Professor Patrick Schueffel from the Institute for Entrepreneurship & Small and Medium Enterprises in Switzerland defines the word Fintech in his article, featured in Volume 4 in the Journal of Innovation Management. The article, which was published last year, attempts a definition, drawing from more than 200 scholarly articles referencing the term over a period of 40 years.
“The term Fintech has been applied in various business contexts, often inconsistently and ambiguously,”
wrote Schueffel.
“But if Fintech is truly meant to be meaningful and comparable, then the methodology and definitions used must be precise and uniform,”
he continued. He added that a definition must be set in order to create a solid foundation for scientific research. Besides, the definition would need to be understood by practitioners and policy makers.
What really is fintech?
Despite the consensus on the major impact that Fintech will have on the financial industry, little academic literature has explored this area.

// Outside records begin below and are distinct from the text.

lemma bij_betw_Fm:
  "x \<in> C \<Longrightarrow> y \<in> C \<Longrightarrow> bij_betw (Fm x y) {h. emb x y h} {k. emb (Fo x) (Fo y) k}"
  using full unfolding full_embedding_def by blast

lemma Fm_struc_iso:
  assumes x: "x \<in> C" and y: "y \<in> C" and h: "struc_iso x y h"
  shows "struc_iso (Fo x) (Fo y) (Fm x y h)"
proof -
  obtain g where g: "struc_iso y x g" and hg: "\<forall>w\<in>fst y. h (g w) = w"
    using h by (rule struc_iso_inverse)
  have h_emb: "emb x y h" and g_emb: "emb y x g"
    using h g by (simp_all add: struc_iso_def)
  have "compose (fst (Fo y)) (Fm x y h) (Fm y x g) = Fm y y (compose (fst y) h g)"
    using Fm_compose[OF y x y g_emb h_emb] by simp
  also have "\<dots> = restrict id (fst (Fo y))"
    using hg Fm_restrict_id[OF y] by (simp add: compose_eq_restrict_id_iff[THEN iffD2])
  finally have "\<forall>k\<in>fst (Fo y). Fm x y h (Fm y x g k) = k"
    by (simp add: compose_eq_restrict_id_iff)
  then show ?thesis
    using Fm_emb[OF x y h_emb] Fm_emb[OF y x g_emb] by (rule struc_iso_if_right_inverse[rotated 2])
qed

lemma struc_iso_if_Fm_struc_iso:
  assumes x: "x \<in> C" and y: "y \<in> C" and h: "emb x y h"
    and Fh: "struc_iso (Fo x) (Fo y) (Fm x y h)"
  shows "struc_iso x y h"
proof -
  obtain k where k: "struc_iso (Fo y) (Fo x) k" and Fh_k: "\<forall>w\<in>fst (Fo y). Fm x y h (k w) = w"
    using Fh by (rule struc_iso_inverse)
  have "k \<in> Fm y x ` {g. emb y x g}"
    using bij_betw_Fm[OF y x] k by (simp add: bij_betw_def struc_iso_def)
  then obtain g where g: "emb y x g" and k_eq: "k = Fm y x g" by blast
  have "Fm y y (compose (fst y) h g) = compose (fst (Fo y)) (Fm x y h) k"
    using Fm_compose[OF y x y g h] k_eq by simp
  also have "\<dots> = Fm y y (restrict id (fst y))"
    using Fh_k Fm_restrict_id[OF y] by (simp add: compose_eq_restrict_id_iff[THEN iffD2])
  finally have "compose (fst y) h g = restrict id (fst y)"
    using bij_betw_Fm[OF y y] emb_compose[OF g h] emb_restrict_id[of y]
    by (auto simp: bij_betw_def dest: inj_onD)
  then have "\<forall>w\<in>fst y. h (g w) = w" by (simp add: compose_eq_restrict_id_iff)
  with h g show ?thesis by (rule struc_iso_if_right_inverse)
qed

lemma iso_struc_Fo_iff:
  assumes x: "x \<in> C" and y: "y \<in> C"
  shows "iso_struc (Fo x) (Fo y) \<longleftrightarrow> iso_struc x y"
proof
  assume "iso_struc (Fo x) (Fo y)"
  then obtain k where k: "struc_iso (Fo x) (Fo y) k" by (auto simp: iso_struc_iff_struc_iso)
  then have "k \<in> Fm x y ` {h. emb x y h}"
    using bij_betw_Fm[OF x y] by (simp add: bij_betw_def struc_iso_def)
  then obtain h where "emb x y h" "k = Fm x y h" by blast
  with k show "iso_struc x y"
    using struc_iso_if_Fm_struc_iso[OF x y] by (auto simp: iso_struc_iff_struc_iso)
qed (use Fm_struc_iso[OF x y] in \<open>auto simp: iso_struc_iff_struc_iso\<close>)

lemma Fm_iso_aut_group:
  assumes x: "x \<in> C"
  shows "Fm x x \<in> iso (aut_group x) (aut_group (Fo x))"
proof (rule iso_aut_groupI)
  have "Fm x x ` carrier (aut_group x) = carrier (aut_group (Fo x))"
  proof
    show "Fm x x ` carrier (aut_group x) \<subseteq> carrier (aut_group (Fo x))"
      using Fm_struc_iso[OF x x] by (auto simp: carrier_aut_group)
    show "carrier (aut_group (Fo x)) \<subseteq> Fm x x ` carrier (aut_group x)"
    proof
      fix k assume k: "k \<in> carrier (aut_group (Fo x))"
      then have "k \<in> Fm x x ` {h. emb x x h}"
        using bij_betw_Fm[OF x x] by (simp add: bij_betw_def carrier_aut_group struc_iso_def)
      then obtain h where "emb x x h" "k = Fm x x h" by blast
      with k show "k \<in> Fm x x ` carrier (aut_group x)"
        using struc_iso_if_Fm_struc_iso[OF x x] by (auto simp: carrier_aut_group)
    qed
  qed
  then show "bij_betw (Fm x x) (carrier (aut_group x)) (carrier (aut_group (Fo x)))"
    using bij_betw_Fm[OF x x]
    by (rule bij_betw_subset[rotated 2]) (auto simp: carrier_aut_group struc_iso_def)
  show "Fm x x (compose (fst x) a b) = compose (fst (Fo x)) (Fm x x a) (Fm x x b)"
    if "a \<in> carrier (aut_group x)" "b \<in> carrier (aut_group x)" for a b
    using that Fm_compose[OF x x x] by (simp add: carrier_aut_group struc_iso_def)
qed

end

theorem proposition5p6:
  fixes arC :: "'r::countable \<Rightarrow> nat" and arD :: "'s::countable \<Rightarrow> nat"
    and \<sigma> :: "'r fml" and \<tau> :: "'s fml"
    and Fo :: "'r struc \<Rightarrow> 's struc"
    and Fm :: "'r struc \<Rightarrow> 'r struc \<Rightarrow> (nat \<Rightarrow> nat) \<Rightarrow> (nat \<Rightarrow> nat)"
    and f :: "'r struc \<Rightarrow> 's struc"
  assumes "sentence arC \<sigma>" and "sentence arD \<tau>"
    and "full_embedding (mod_class arC \<sigma>) (mod_class arD \<tau>) Fo Fm"
    and "\<forall>x\<in>mod_class arC \<sigma>. fst x = UNIV \<longrightarrow> fst (Fo x) = UNIV"
    and "f \<in> measurable (X_space arC \<sigma>) (X_space arD \<tau>)"
    and "\<forall>x\<in>X_of arC \<sigma>. iso_struc (f x) (Fo x)"
  shows "spb_reduction arC \<sigma> arD \<tau> f"
proof -
  note full = assms(3) and f_Fo = assms(6)
  have C: "x \<in> mod_class arC \<sigma>" if "x \<in> X_of arC \<sigma>" for x
    using that by (simp add: X_of_def)
  have "iso_struc x y \<longleftrightarrow> iso_struc (f x) (f y)" if "x \<in> X_of arC \<sigma>" "y \<in> X_of arC \<sigma>" for x y
  proof -
    have "iso_struc (f x) (Fo x)" "iso_struc (f y) (Fo y)" using f_Fo that by auto
    then have "iso_struc (f x) (f y) \<longleftrightarrow> iso_struc (Fo x) (Fo y)"
      by (meson iso_struc_sym iso_struc_trans)
    also have "\<dots> \<longleftrightarrow> iso_struc x y" using iso_struc_Fo_iff[OF full] C that by blast
    finally show ?thesis by simp
  qed
  moreover have "aut_group x \<cong> aut_group (f x)" if "x \<in> X_of arC \<sigma>" for x
  proof -
    have "aut_group x \<cong> aut_group (Fo x)" using Fm_iso_aut_group[OF full C[OF that]] by (rule is_isoI)
    also have "aut_group (Fo x) \<cong> aut_group (f x)"
      using f_Fo that by (blast intro: iso_struc_imp_aut_group_iso iso_struc_sym)
    finally show ?thesis .
  qed
  ultimately show ?thesis using assms(5) by (simp add: spb_reduction_def)
qed

end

Schueffel wrote that there has been a significant increase in Google searches for the word Fintech in the last five years.
Google receives monthly an average of 201,000 searches worldwide for the term. The term’s origin can be traced to an early 1990s project by Citigroup to facilitate technological cooperation efforts. An article published by media outlet American banker mentioned the project by the name Fintech.
Schueffel decided to conduct semantic analysis on the word Fintech. He did a systematic search for all major literature databases related to Management Sciences as well as Economics for all papers published until October 16 last year, using the keyword Fintech.
After analysing the literature, he found that they have claimed Fintech to be a sector or industry, a technology, as well as a type of action, be it a business, a service. It was also described as new, emerging, innovative or disrupting, and enhancing the efficiency of facilitating financial services.
The article concludes that Fintech is indeed a new financial industry that applies technology to improve financial activities. But such a definition itself could have some implications. He noted the term is not all-encompassing and there may be varying definitions of Fintech that are useful depending on the differing circumstances.
Definitions themselves will change over time, too. It was previously applied to the technology of back-end work of financial institutions. Now it Fintech has expanded to include even financial literacy and education and crypto-currencies like bitcoin. It is also limited in its use solely in the English language, when Fintech is a worldwide movement, said Schueffel.
With the shap rise in Fintech, some observers say there may be a bubble coming up. If the bubble were to burst, the technology would still remain and be adopted and turned into a business standard by the financial industry, in a similar vein to what happened in the Dot-com bubble, wrote Schueffel. “A good share of of innovations brought forward by Fintech firms will be aborbed by other players, such as incumbent banks, insurers and software companies and be kept alive,” he noted.